Now, let’s dig into the math a bit and see just how far off early estimates were. Stacked side by side, it would take 666,666 3-exabyte units of storage to equal 2 yottabytes. That’s because a yottabyte is 1,000 zettabytes, each of which contain 1,000 exabytes. So, a yottabyte is 1 million exabytes. The ratio of 2:3 in our example of yottabytes and exabytes is applied, and we wrap with a 666,666:1 ratio.

I highlight that fact, as the idea that the Utah data center might hold yottabytes has been bandied about as if it was logical.
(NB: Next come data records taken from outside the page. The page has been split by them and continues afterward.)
lemma spd2_det_pos:
  assumes "spd2 M"
  shows "0 < det M"
proof -
  have sym: "M$2$1 = M$1$2" and pos: "\<And>x. x \<noteq> 0 \<Longrightarrow> 0 < x \<bullet> (M *v x)"
    using assms symmetric_matrix_2 unfolding spd2_def by auto
  have "0 < vector [1, 0] \<bullet> (M *v vector [1, 0])"
    by (rule pos) (simp add: vec_eq_iff forall_2)
  then have "0 < M$1$1" by (simp add: inner_matrix_vector_mult_2)
  moreover have "0 < vector [- M$1$2, M$1$1] \<bullet> (M *v vector [- M$1$2, M$1$1])"
    using \<open>0 < M$1$1\<close> by (intro pos) (simp add: vec_eq_iff forall_2)
  then have "0 < M$1$1 * det M"
    by (simp add: inner_matrix_vector_mult_2 det_2 sym power2_eq_square algebra_simps)
  ultimately show ?thesis by (simp add: zero_less_mult_iff)
qed

lemma onorm_matrix_inv_mult_det_le:
  fixes M :: "real^2^2"
  assumes sym: "transpose M = M" and det: "0 < det M"
  shows "onorm ((*v) (matrix_inv M)) * det M \<le> onorm ((*v) M)"
proof -
  define rot :: "real^2 \<Rightarrow> real^2" where "rot x = vector [- x$2, x$1]" for x
  have norm_rot: "norm (rot x) = norm x" for x
    by (simp add: rot_def norm_vec_def L2_set_def sum_2 add.commute)
  \<comment> \<open>for symmetric \<open>M\<close>, conjugating by the quarter turn \<open>rot\<close> gives the adjugate\<close>
  have adjugate: "M *v rot (M *v z) = det M *\<^sub>R rot z" for z
    using symmetric_matrix_2[OF sym]
    by (simp add: rot_def vec_eq_iff forall_2 matrix_vector_mult_def sum_2 det_2 algebra_simps)
  have MM: "M *v (matrix_inv M *v x) = x" for x
    using matrix_mul_matrix_inv[of M] det by (simp add: invertible_det_nz matrix_vector_mul_assoc)
  have "norm (matrix_inv M *v x) \<le> onorm ((*v) M) / det M * norm x" for x
  proof -
    have "det M * norm (matrix_inv M *v x) = norm (M *v rot x)"
      using adjugate[of "matrix_inv M *v x"] det by (simp add: MM norm_rot)
    also have "\<dots> \<le> onorm ((*v) M) * norm x"
      using onorm[OF matrix_vector_mul_bounded_linear] by (metis norm_rot)
    finally show ?thesis using det by (simp add: field_simps)
  qed
  then have "onorm ((*v) (matrix_inv M)) \<le> onorm ((*v) M) / det M"
    by (intro onorm_le)
  then show ?thesis using det by (simp add: field_simps)
qed

lemma kappa_sq:
  assumes "spd2 M"
  shows "(kappa M)\<^sup>2 = onorm ((*v) M) * onorm ((*v) (matrix_inv M))"
  using one_le_onorm_mul_onorm_matrix_inv[of M] spd2_det_pos[OF assms]
  by (simp add: kappa_def invertible_det_nz)

lemma one_le_kappa:
  assumes "spd2 M"
  shows "1 \<le> kappa M"
  using one_le_onorm_mul_onorm_matrix_inv[of M] spd2_det_pos[OF assms]
  by (simp add: kappa_def invertible_det_nz)

definition lattice_form :: "real^2^2 \<Rightarrow> int^2 \<Rightarrow> int^2 \<Rightarrow> real" where
  "lattice_form M u v = rv u \<bullet> (M *v rv v)"

lemma rv_eq_0_iff [simp]: "rv v = 0 \<longleftrightarrow> v = 0"
  by (simp add: rv_def vec_eq_iff)

lemma rv_lincomb: "rv (x *s u + y *s v) = of_int x *\<^sub>R rv u + of_int y *\<^sub>R rv v"
  by (simp add: rv_def vec_eq_iff)

lemma one_le_inner_rv:
  assumes "v \<noteq> 0"
  shows "1 \<le> rv v \<bullet> rv v"
proof -
  have "v$1 \<noteq> 0 \<or> v$2 \<noteq> 0" using assms by (auto simp: vec_eq_iff forall_2)
  then have "0 < (v$1)\<^sup>2 + (v$2)\<^sup>2" by (auto simp: add_pos_nonneg add_nonneg_pos)
  then have "1 \<le> real_of_int ((v$1)\<^sup>2 + (v$2)\<^sup>2)" by linarith
  then show ?thesis by (simp add: rv_def inner_vec_def sum_2 power2_eq_square)
qed

lemma lattice_form_pos:
  assumes "spd2 M" and "v \<noteq> 0"
  shows "0 < lattice_form M v v"
  using assms by (simp add: spd2_def lattice_form_def)

lemma lattice_form_lincomb:
  assumes "transpose M = M"
  shows "lattice_form M (x *s u + y *s v) (x *s u + y *s v)
    = (of_int x)\<^sup>2 * lattice_form M u u + 2 * of_int x * of_int y * lattice_form M u v
      + (of_int y)\<^sup>2 * lattice_form M v v"
  unfolding lattice_form_def rv_lincomb quadratic_form_add[OF assms]
  by (simp add: matrix_vector_mult_scaleR power2_eq_square)

lemma lattice_form_smult: "lattice_form M (k *s v) (k *s v) = k\<^sup>2 * lattice_form M v v"
  using rv_lincomb[of k v 0 v]
  by (simp add: lattice_form_def matrix_vector_mult_scaleR power2_eq_square)

lemma lattice_form_2:
  "lattice_form M u v = M$1$1 * u$1 * v$1 + M$1$2 * u$1 * v$2 + M$2$1 * u$2 * v$1 + M$2$2 * u$2 * v$2"
  by (simp add: lattice_form_def rv_def inner_vec_def matrix_vector_mult_def sum_2 algebra_simps)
It’s not, given the space available for servers and the like.

Yup, we’re going to need to build a whole lot of data centres.  I vote for building them up in Upington, because (1) there’s practically nothing there, and (2) the place conveniently has a 747-capable runway.  Power is going to be an issue though: each data centre is estimated to use 65 MW of power.  Multiply this by 666,666, and… yeah, this is going to be a bit of a problem.  Just short of 44 terawatts are required here, and when one considers that xkcd’s indestructible hair dryer was “impossibly” consuming more power than every other electrical device on the planet combined when it hit 18.7 TW, we’re going to have to think outside of the box.  (Pun intended for those who have read the indestructible hair dryer article.)

Or not… because this means that our estimate of one yottabyte being the size of the internet is way too high.  So, we can do this in phases: build 10,000-50,000 or so data centres, fill them up, power them up, then rinse and repeat until we’ve got the entire Internet.  You’ll have to have every construction crew in the world working around the clock to build the data centres and power stations, every electrical engineer in the world working on re-routing power from elsewhere in the world — especially when one considers that, due to advancements in technology (sometimes, Moore’s Law is not in our favour), the size of the Internet will be increasing all the time while we’re doing this.  But it might just about be possible.

That said: even due to the practical impossibility of the task, don’t underestimate the NSA.